Pourquoi faire carême?

«Carême» est un nom issu du latin populaire quaresima, altération du latin classique quadragesima, quarantième, pour quarante jours avant Pâques. (Le Robert historique, 1998)

Quand on entend carême, on pense généralement à une privation de nourriture ou de quelqu’autre objet de consommation qui peut être en même temps source de plaisir. La tradition du jeûne s’est perdue depuis que les catholiques d’ici sont privés de l’enseignement religieux et de l’enseignement dispensé à l’occasion des célébrations liturgiques. Ceci dit, je pense que le jeûne fait partie de l’identité chrétienne, oui, celle que nous recherchons après avoir tant cherché à nous libérer de tout ce qui était contraignant dans la religion. C’est pourquoi il importe donc d’en redécouvrir le sens. D’abord, le carême prend son inspiration dans le séjour de Jésus  au désert pendant 40 jours:

«Jésus, rempli d’Esprit Saint, revint du Jourdain et il était dans le désert, conduit par l’Esprit, pendant quarante jours, et il était tenté par le diable. Il ne mangea rien durant ces jours-là, et lorsque ce temps fut écoulé, il eut faim.» (Luc 4,1-2)

Un chrétien pense au jeûne souvent pour suivre la coutume, mais tout au fond il faut y voir une poussée de l’Esprit Saint.  C’est le même Esprit Saint qui est descendu et a reposé sur Jésus au baptême et l’a poussé ensuite au désert. C’est le même Esprit qui a ressuscité Jésus à Pâques et quand, à la Pentecôte, Pierre annonce à la foule que les temps sont accomplis, il déclare que se réalise la parole du prophète Joël:

«Alors, dans les derniers jours, dit Dieu, je répandrai de mon Esprit sur toute chair, vos fils et vos filles seront prophètes, vos jeunes gens auront des visions, vos vieillards auront des songes; oui, sur mes serviteurs et mes servantes en ces jours-là je répandrai de mon Esprit et ils seront prophètes.» (Actes 2, 16-18)

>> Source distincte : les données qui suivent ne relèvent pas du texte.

(* The plane cannot be tiled by copies of the tooth alone, where the tooth is the $9$-omino consisting of a central unit square together with two unit squares extending in a straight line from it in each of the four directions (up, down, left, right).
   Context: The tooth is the plus-shaped $9$-omino: with centre square $[0,1]\times[0,1]$, it consists of the squares $[i,i+1]\times[0,1]$ for $i\in\{-2,-1,0,1,2\}$ and $[0,1]\times[j,j+1]$ for $j\in\{-2,-1,1,2\}$. A tiling of the plane by copies of a polyomino is a covering of $\mathbb{R}^2$ by copies with pairwise disjoint interiors. *)

theory Defs
  imports "HOL-Analysis.Analysis"
begin

definition unit_sq :: "int \<Rightarrow> int \<Rightarrow> (real \<times> real) set" where
  "unit_sq i j = {real_of_int i .. real_of_int i + 1} \<times> {real_of_int j .. real_of_int j + 1}"

definition tooth :: "(real \<times> real) set" where
  "tooth = (\<Union>i\<in>{-2..2}. unit_sq i 0) \<union> (\<Union>j\<in>{-2,-1,1,2}. unit_sq 0 j)"

text \<open>Isometries of the plane (distance preserving maps; these are exactly the
  rigid motions, including reflections).\<close>
definition plane_isometry :: "(real \<times> real \<Rightarrow> real \<times> real) \<Rightarrow> bool" where
  "plane_isometry f \<longleftrightarrow> (\<forall>x y. dist (f x) (f y) = dist x y)"

definition is_copy :: "(real \<times> real) set \<Rightarrow> (real \<times> real) set \<Rightarrow> bool" where
  "is_copy P A \<longleftrightarrow> (\<exists>f. plane_isometry f \<and> A = f ` P)"

definition tiles_plane :: "(real \<times> real) set \<Rightarrow> bool" where
  "tiles_plane P \<longleftrightarrow> (\<exists>\<T>. (\<forall>A\<in>\<T>. is_copy P A) \<and> \<Union>\<T> = UNIV \<and>
      (\<forall>A\<in>\<T>. \<forall>B\<in>\<T>. A \<noteq> B \<longrightarrow> interior A \<inter> interior B = {}))"

end

theory Submission
  imports Defs
begin

(* Normalise a tiling so that it contains the tooth itself.  At each concave corner p of the
  tooth, e.g. p = (0, 1), the tooth covers three of the four quadrants near p, so some other tile
  T contains p and meets the free quadrant, and the interior of T near p lies in that closed
  quadrant.  Pulling back along the isometry onto T, a whole unit cell of the tooth is mapped
  into the quadrant; hence the linear part of the isometry is a signed permutation, T is a
  translate of the tooth (which is invariant under these maps), and p is a corner at the end of
  one of the two arms of T facing the quadrant.  So each of the four concave corners of the
  tooth admits two tiles; excluding overlaps leaves the two pinwheel arrangements, and in each
  of them the concave corner between the tooth and a neighbouring tile admits no tile at all. *)

section \<open>Plane isometries\<close>

lemma plane_isometry_affine:
  assumes "plane_isometry f"
  obtains L c where "orthogonal_transformation L" "f = (\<lambda>x. c + L x)"
proof
  show "orthogonal_transformation (\<lambda>x. f x - f 0)"
    using assms unfolding orthogonal_transformation_isometry plane_isometry_def
    by (simp add: dist_norm)
  show "f = (\<lambda>x. f 0 + (f x - f 0))" by simp
qed

lemma plane_isometry_bij:
  assumes "plane_isometry f"
  shows "bij f"
proof -
  obtain L c where L: "orthogonal_transformation L" and f: "f = (\<lambda>x. c + L x)"
    using plane_isometry_affine[OF assms] .
  have "bij L" "bij ((+) c)"
    using orthogonal_transformation_inj[OF L] orthogonal_transformation_surj[OF L]
    by (auto intro: bijI simp: bij_plus)
  then have "bij ((+) c \<circ> L)" by (intro bij_comp) simp_all
  then show ?thesis by (simp add: f comp_def)
qed

lemma plane_isometry_inv:
  assumes "plane_isometry f"
  shows "plane_isometry (inv f)"
  unfolding plane_isometry_def
proof (intro allI)
  fix x y
  have "f (inv f x) = x" "f (inv f y) = y"
    using plane_isometry_bij[OF assms] by (simp_all add: bij_def surj_f_inv_f)
  then show "dist (inv f x) (inv f y) = dist x y"
    using assms unfolding plane_isometry_def by metis
qed

lemma plane_isometry_comp:
  "plane_isometry f \<Longrightarrow> plane_isometry g \<Longrightarrow> plane_isometry (f \<circ> g)"
  unfolding plane_isometry_def comp_def by metis

lemma
  assumes "plane_isometry f"
  shows interior_plane_isometry_image: "interior (f ` S) = f ` interior S"
    and closure_plane_isometry_image: "closure (f ` S) = f ` closure S"
proof -
  obtain L c where L: "orthogonal_transformation L" and f: "f = (\<lambda>x. c + L x)"
    using plane_isometry_affine[OF assms] .
  have lin: "linear L" and inj: "inj L"
    using L by (simp_all add: orthogonal_transformation_linear orthogonal_transformation_inj)
  have img: "f ` T = (+) c ` L ` T" for T by (auto simp: f)
  show "interior (f ` S) = f ` interior S"
    by (simp only: img interior_translation interior_injective_linear_image[OF lin inj])
  show "closure (f ` S) = f ` closure S"
    by (simp only: img closure_translation closure_injective_linear_image[OF lin inj])
qed

lemma dist_le_abs_sum: "dist x y \<le> \<bar>fst x - fst y\<bar> + \<bar>snd x - snd y\<bar>"
  for x y :: "real \<times> real"
  using sqrt_sum_squares_le_sum_abs[of "fst x - fst y" "snd x - snd y"]
  by (simp add: dist_prod_def dist_real_def)

section \<open>The tooth\<close>

lemma tooth_eq: "tooth = {-2..3} \<times> {0..1} \<union> {0..1} \<times> {-2..3}"
proof -
  have "{-2..2::int} = {-2, -1, 0, 1, 2}" by auto
  then show ?thesis unfolding tooth_def unit_sq_def by (auto simp: mem_Times_iff)
qed

lemma mem_unit_sq:
  "x \<in> unit_sq a b \<longleftrightarrow>
    of_int a \<le> fst x \<and> fst x \<le> of_int a + 1 \<and> of_int b \<le> snd x \<and> snd x \<le> of_int b + 1"
  unfolding unit_sq_def by (cases x) auto

lemma interior_unit_sq:
  "interior (unit_sq a b) = {of_int a<..<of_int a + 1} \<times> {of_int b<..<of_int b + 1}"
  unfolding unit_sq_def interior_Times interior_atLeastAtMost_real ..

lemma closure_interior_unit_sq: "closure (interior (unit_sq a b)) = unit_sq a b"
  unfolding interior_unit_sq closure_Times by (simp add: unit_sq_def)

lemma convex_unit_sq: "convex (unit_sq a b)"
  unfolding unit_sq_def by (intro convex_Times convex_real_interval)

lemma tooth_cellE:
  assumes "u \<in> tooth"
  obtains a b where "unit_sq a b \<subseteq> tooth" "u \<in> unit_sq a b"
  using assms unfolding tooth_def by blast

lemma compact_tooth: "compact tooth"
  unfolding tooth_eq by (intro compact_Un compact_Times compact_Icc)

lemma closure_interior_tooth: "closure (interior tooth) = tooth"
proof
  show "closure (interior tooth) \<subseteq> tooth"
    by (intro closure_minimal interior_subset compact_imp_closed compact_tooth)
  show "tooth \<subseteq> closure (interior tooth)"
  proof
    fix u assume "u \<in> tooth"
    then obtain a b where "unit_sq a b \<subseteq> tooth" "u \<in> unit_sq a b" by (rule tooth_cellE)
    then show "u \<in> closure (interior tooth)"
      using closure_mono[OF interior_mono] closure_interior_unit_sq by blast
  qed
qed

definition inner_tooth :: "(real \<times> real) set" where
  "inner_tooth = {-2<..<3} \<times> {0<..<1} \<union> {0<..<1} \<times> {-2<..<3}"

lemma inner_tooth_subset_interior: "inner_tooth \<subseteq> interior tooth"
  by (rule interior_maximal) (auto simp: inner_tooth_def tooth_eq intro!: open_Un open_Times)

lemma dist_tooth_centre:
  assumes "x \<in> tooth"
  shows "dist x (1/2, 1/2) \<le> 3"
proof -
  have "\<bar>fst x - 1/2\<bar> + \<bar>snd x - 1/2\<bar> \<le> 3"
    using assms unfolding tooth_eq by (auto simp: mem_Times_iff)
  then show ?thesis using dist_le_abs_sum[of x "(1/2, 1/2)"] by simp
qed

lemma ball_centre_subset_interior_tooth: "ball (1/2, 1/2) (1/2) \<subseteq> interior tooth"
proof
  fix x :: "real \<times> real"
  assume "x \<in> ball (1/2, 1/2) (1/2)"
  then have "\<bar>fst x - 1/2\<bar> < 1/2" "\<bar>snd x - 1/2\<bar> < 1/2"
    using dist_fst_le[of x "(1/2, 1/2)"] dist_snd_le[of x "(1/2, 1/2)"]
    by (auto simp: dist_real_def dist_commute)
  then have "x \<in> inner_tooth" by (auto simp: inner_tooth_def mem_Times_iff)
  then show "x \<in> interior tooth" using inner_tooth_subset_interior by blast
qed

definition reflect :: "real \<Rightarrow> real \<Rightarrow> real \<times> real \<Rightarrow> real \<times> real" where
  "reflect s1 s2 x = (s1 * (fst x - 1/2) + 1/2, s2 * (snd x - 1/2) + 1/2)"

lemma reflect_reflect: "\<bar>s1\<bar> = 1 \<Longrightarrow> \<bar>s2\<bar> = 1 \<Longrightarrow> reflect s1 s2 (reflect s1 s2 x) = x"
  unfolding reflect_def by (auto simp: abs_if prod_eq_iff split: if_splits)

lemma reflect_mem_tooth: "\<bar>s1\<bar> = 1 \<Longrightarrow> \<bar>s2\<bar> = 1 \<Longrightarrow> reflect s1 s2 x \<in> tooth \<longleftrightarrow> x \<in> tooth"
  unfolding reflect_def tooth_eq by (auto simp: abs_if mem_Times_iff split: if_splits)

lemma swap_mem_tooth: "prod.swap x \<in> tooth \<longleftrightarrow> x \<in> tooth"
  unfolding tooth_eq by (auto simp: mem_Times_iff)

lemma unit_sq_subset_tooth:
  assumes "i \<in> {-2..2}"
  shows "unit_sq i 0 \<subseteq> tooth" "unit_sq 0 i \<subseteq> tooth"
  using assms by (auto simp: tooth_eq unit_sq_def)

Cette annonce me concerne aujourd’hui et décrit mon identité de chrétien. Je comprends par là que tout baptisé devient prophète, quand l’Esprit Saint répand l’amour dans son cœur, quand il lui suggère de prier, quand il raffermit sa foi et son espérance. Pour un chrétien jeûner est une manière de prophétiser, c’est-à-dire témoigner de la présence de l’Invisible. Ce qu’on devrait voir, c’est la transformation de sa personne dans le sens d’un plus grand amour des autres, d’une plus grande présence à Dieu et d’une espérance renouvelée en la réalisation de sa promesse de vie éternelle.

Je peux jeûner selon les prescriptions de l’Église – c’est plus facile de faire comme les autres – , ou bien choisir la manière qui me convient – mais alors c’est plus difficile de tenir à sa résolution. Matthieu rappelle l’enseignement de Jésus là-dessus:

«Quand vous jeûnez, ne prenez pas un air sombre, comme font les hypocrites… Pour toi, quand tu jeûnes, parfume-toi la tête et lave-toi le visage, pour ne pas montrer aux hommes que tu jeûnes, mais seulement à ton Père qui est là dans le secret.» (Mt 6, 16-18)

L’Église prescrit de jeûner le Mercredi des Cendres et le Vendredi saint; c’est bien, mais finalement, ce sera l’Esprit Saint qui me soufflera à l’oreille de quelle façon je pourrai laisser Dieu me transformer, me convertir, car les tentations du diable dont parle le récit de Luc (4, 1-2) montrent que l’être humain doit choisir entre  les chemins de mort et les chemins de vie. Quel geste permettra à l’Esprit d’amour de me détourner des chemins de mort pour emprunter un chemin de vie? C’est à chacune et à chacun de voir.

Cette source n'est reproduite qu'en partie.